— RECORDS FOR THE TASK —
lemma quartic_descent_r2_plus_s2:
  fixes r s m :: int
  assumes "coprime r s" "s > 0" "odd m" "m^2 = (r^2 + s^2) * (r^2 - 3*s^2)"
  obtains M K where "M > 0" "K > 0" "M^4 + M^2*K^2 + K^4 = r^2"
proof -
  obtain x y where xy: "x > 0" "y > 0" "r^2 + s^2 = x^2" "r^2 - 3*s^2 = y^2" "coprime x y"
  proof (rule odd_square_factors_are_squares[OF assms(1,3,4)])
    show "r^2 + s^2 > 0" using assms(2) by (simp add: add_nonneg_pos)
    fix p assume X: "p dvd r^2 + s^2" and Y: "p dvd r^2 - 3*s^2"
    have r: "4 * r^2 = 3 * (r^2 + s^2) + (r^2 - 3*s^2)" and s: "4 * s^2 = (r^2 + s^2) - (r^2 - 3*s^2)"
      by simp_all
    show "p dvd 4 * r^2 \<and> p dvd 4 * s^2"
      unfolding r s using dvd_add[OF dvd_mult[OF X] Y] dvd_diff[OF X Y] by blast
  qed
  have "m^2 = (x * y)^2" using assms(4) xy(3,4) by (simp add: power_mult_distrib)
  moreover have "odd (m^2)" using assms(3) by simp
  ultimately have "odd (x * y)" by simp
  then have "odd x" "odd y" by simp_all
  have xy_diff: "x^2 - y^2 = 4 * s^2" using xy(3,4) by linarith
  have "y < x"
  proof -
    have "s^2 > 0" using assms(2) by simp
    then have "y^2 < x^2" using xy_diff by linarith
    then show ?thesis using xy(1,2) by (simp add: power_less_imp_less_base)
  qed
  have "even (x + y)" using \<open>odd x\<close> \<open>odd y\<close> by simp
  then obtain u where "x + y = 2 * u" by blast
  define w where "w = u - y"
  have x: "x = u + w" and y: "y = u - w" using \<open>x + y = 2 * u\<close> by (simp_all add: w_def)
  have "u > 0" "w > 0" using xy(2) \<open>y < x\<close> unfolding x y by simp_all
  have "4 * (u * w) = x^2 - y^2" unfolding x y by algebra
  then have uw: "u * w = s^2" using xy_diff by simp
  have "coprime u w"
  proof (rule coprimeI)
    fix c assume "c dvd u" "c dvd w"
    then have "c dvd x" "c dvd y" unfolding x y by simp_all
    with xy(5) show "is_unit c" by (rule coprime_common_divisor)
  qed
  then obtain M K where "M > 0" "K > 0" "u = M^2" "w = K^2"
    using coprime_mult_eq_power_int[OF _ \<open>u > 0\<close> \<open>w > 0\<close> uw] by auto
  moreover have "M^4 + M^2*K^2 + K^4 = r^2"
  proof -
    have "M^4 + M^2*K^2 + K^4 = (u + w)^2 - u * w" unfolding calculation(3,4) by algebra
    also have "\<dots> = r^2" using xy(3) uw unfolding x[symmetric] by simp
    finally show ?thesis .
  qed
  ultimately show thesis using that by blast
qed

lemma quartic_descent_3r2_plus_s2:
  fixes r s m :: int
  assumes "coprime r s" "r > 0" "s > 0" "odd m" "m^2 = (3*r^2 + s^2) * (r^2 - s^2)"
  obtains M K x where "M > 0" "K > 0" "x > 0" "x^2 = 3*r^2 + s^2" "M^4 + M^2*K^2 + K^4 = x^2"
proof -
  obtain x y where xy: "x > 0" "y > 0" "3*r^2 + s^2 = x^2" "r^2 - s^2 = y^2" "coprime x y"
  proof (rule odd_square_factors_are_squares[OF assms(1,4,5)])
    show "3*r^2 + s^2 > 0" using assms(3) by (simp add: add_nonneg_pos)
    fix p assume X: "p dvd 3*r^2 + s^2" and Y: "p dvd r^2 - s^2"
    have r: "4 * r^2 = (3*r^2 + s^2) + (r^2 - s^2)" and s: "4 * s^2 = (3*r^2 + s^2) - 3 * (r^2 - s^2)"
      by simp_all
    show "p dvd 4 * r^2 \<and> p dvd 4 * s^2"
      unfolding r s using dvd_add[OF X Y] dvd_diff[OF X dvd_mult[OF Y]] by blast
  qed
  have "m^2 = (x * y)^2" using assms(5) xy(3,4) by (simp add: power_mult_distrib)
  moreover have "odd (m^2)" using assms(4) by simp
  ultimately have "odd y" by simp
  have "y^2 = (r + s) * (r - s)" using xy(4) by algebra
  moreover have "r + s > 0" using assms(2,3) by simp
  moreover have "p dvd 4 * r^2 \<and> p dvd 4 * s^2" if "p dvd r + s" "p dvd r - s" for p
  proof -
    have "p dvd (r + s) + (r - s)" "p dvd (r + s) - (r - s)" using that by (simp_all only: dvd_add dvd_diff)
    then have "p dvd 2 * r" "p dvd 2 * s" by simp_all
    then have "p dvd (2 * r)^2" "p dvd (2 * s)^2" by (simp_all only: dvd_mult2 power2_eq_square)
    then show ?thesis by (simp add: power_mult_distrib)
  qed
  ultimately obtain M K where MK: "M > 0" "K > 0" "r + s = M^2" "r - s = K^2"
    using odd_square_factors_are_squares[OF assms(1) \<open>odd y\<close>] by metis
  have "M^4 + M^2*K^2 + K^4 = (r + s)^2 + (r + s) * (r - s) + (r - s)^2"
    unfolding MK(3,4) by algebra
  also have "\<dots> = x^2" using xy(3) by algebra
  finally show thesis using that MK(1,2) xy(1,3) by simp
qed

— WHAT IS REQUIRED —
Hand back the whole listing, exactly as it is.

— REPLY TO THE TASK —
lemma quartic_descent_r2_plus_s2:
  fixes r s m :: int
  assumes "coprime r s" "s > 0" "odd m" "m^2 = (r^2 + s^2) * (r^2 - 3*s^2)"
  obtains M K where "M > 0" "K > 0" "M^4 + M^2*K^2 + K^4 = r^2"
proof -
  obtain x y where xy: "x > 0" "y > 0" "r^2 + s^2 = x^2" "r^2 - 3*s^2 = y^2" "coprime x y"
  proof (rule odd_square_factors_are_squares[OF assms(1,3,4)])
    show "r^2 + s^2 > 0" using assms(2) by (simp add: add_nonneg_pos)
    fix p assume X: "p dvd r^2 + s^2" and Y: "p dvd r^2 - 3*s^2"
    have r: "4 * r^2 = 3 * (r^2 + s^2) + (r^2 - 3*s^2)" and s: "4 * s^2 = (r^2 + s^2) - (r^2 - 3*s^2)"
      by simp_all
    show "p dvd 4 * r^2 \<and> p dvd 4 * s^2"
      unfolding r s using dvd_add[OF dvd_mult[OF X] Y] dvd_diff[OF X Y] by blast
  qed
  have "m^2 = (x * y)^2" using assms(4) xy(3,4) by (simp add: power_mult_distrib)
  moreover have "odd (m^2)" using assms(3) by simp
  ultimately have "odd (x * y)" by simp
  then have "odd x" "odd y" by simp_all
  have xy_diff: "x^2 - y^2 = 4 * s^2" using xy(3,4) by linarith
  have "y < x"
  proof -
    have "s^2 > 0" using assms(2) by simp
    then have "y^2 < x^2" using xy_diff by linarith
    then show ?thesis using xy(1,2) by (simp add: power_less_imp_less_base)
  qed
  have "even (x + y)" using \<open>odd x\<close> \<open>odd y\<close> by simp
  then obtain u where "x + y = 2 * u" by blast
  define w where "w = u - y"
  have x: "x = u + w" and y: "y = u - w" using \<open>x + y = 2 * u\<close> by (simp_all add: w_def)
  have "u > 0" "w > 0" using xy(2) \<open>y < x\<close> unfolding x y by simp_all
  have "4 * (u * w) = x^2 - y^2" unfolding x y by algebra
  then have uw: "u * w = s^2" using xy_diff by simp
  have "coprime u w"
  proof (rule coprimeI)
    fix c assume "c dvd u" "c dvd w"
    then have "c dvd x" "c dvd y" unfolding x y by simp_all
    with xy(5) show "is_unit c" by (rule coprime_common_divisor)
  qed
  then obtain M K where "M > 0" "K > 0" "u = M^2" "w = K^2"
    using coprime_mult_eq_power_int[OF _ \<open>u > 0\<close> \<open>w > 0\<close> uw] by auto
  moreover have "M^4 + M^2*K^2 + K^4 = r^2"
  proof -
    have "M^4 + M^2*K^2 + K^4 = (u + w)^2 - u * w" unfolding calculation(3,4) by algebra
    also have "\<dots> = r^2" using xy(3) uw unfolding x[symmetric] by simp
    finally show ?thesis .
  qed
  ultimately show thesis using that by blast
qed

lemma quartic_descent_3r2_plus_s2:
  fixes r s m :: int
  assumes "coprime r s" "r > 0" "s > 0" "odd m" "m^2 = (3*r^2 + s^2) * (r^2 - s^2)"
  obtains M K x where "M > 0" "K > 0" "x > 0" "x^2 = 3*r^2 + s^2" "M^4 + M^2*K^2 + K^4 = x^2"
proof -
  obtain x y where xy: "x > 0" "y > 0" "3*r^2 + s^2 = x^2" "r^2 - s^2 = y^2" "coprime x y"
  proof (rule odd_square_factors_are_squares[OF assms(1,4,5)])
    show "3*r^2 + s^2 > 0" using assms(3) by (simp add: add_nonneg_pos)
    fix p assume X: "p dvd 3*r^2 + s^2" and Y: "p dvd r^2 - s^2"
    have r: "4 * r^2 = (3*r^2 + s^2) + (r^2 - s^2)" and s: "4 * s^2 = (3*r^2 + s^2) - 3 * (r^2 - s^2)"
      by simp_all
    show "p dvd 4 * r^2 \<and> p dvd 4 * s^2"
      unfolding r s using dvd_add[OF X Y] dvd_diff[OF X dvd_mult[OF Y]] by blast
  qed
  have "m^2 = (x * y)^2" using assms(5) xy(3,4) by (simp add: power_mult_distrib)
  moreover have "odd (m^2)" using assms(4) by simp
  ultimately have "odd y" by simp
  have "y^2 = (r + s) * (r - s)" using xy(4) by algebra
  moreover have "r + s > 0" using assms(2,3) by simp
  moreover have "p dvd 4 * r^2 \<and> p dvd 4 * s^2" if "p dvd r + s" "p dvd r - s" for p
  proof -
    have "p dvd (r + s) + (r - s)" "p dvd (r + s) - (r - s)" using that by (simp_all only: dvd_add dvd_diff)
    then have "p dvd 2 * r" "p dvd 2 * s" by simp_all
    then have "p dvd (2 * r)^2" "p dvd (2 * s)^2" by (simp_all only: dvd_mult2 power2_eq_square)
    then show ?thesis by (simp add: power_mult_distrib)
  qed
  ultimately obtain M K where MK: "M > 0" "K > 0" "r + s = M^2" "r - s = K^2"
    using odd_square_factors_are_squares[OF assms(1) \<open>odd y\<close>] by metis
  have "M^4 + M^2*K^2 + K^4 = (r + s)^2 + (r + s) * (r - s) + (r - s)^2"
    unfolding MK(3,4) by algebra
  also have "\<dots> = x^2" using xy(3) by algebra
  finally show thesis using that MK(1,2) xy(1,3) by simp
qed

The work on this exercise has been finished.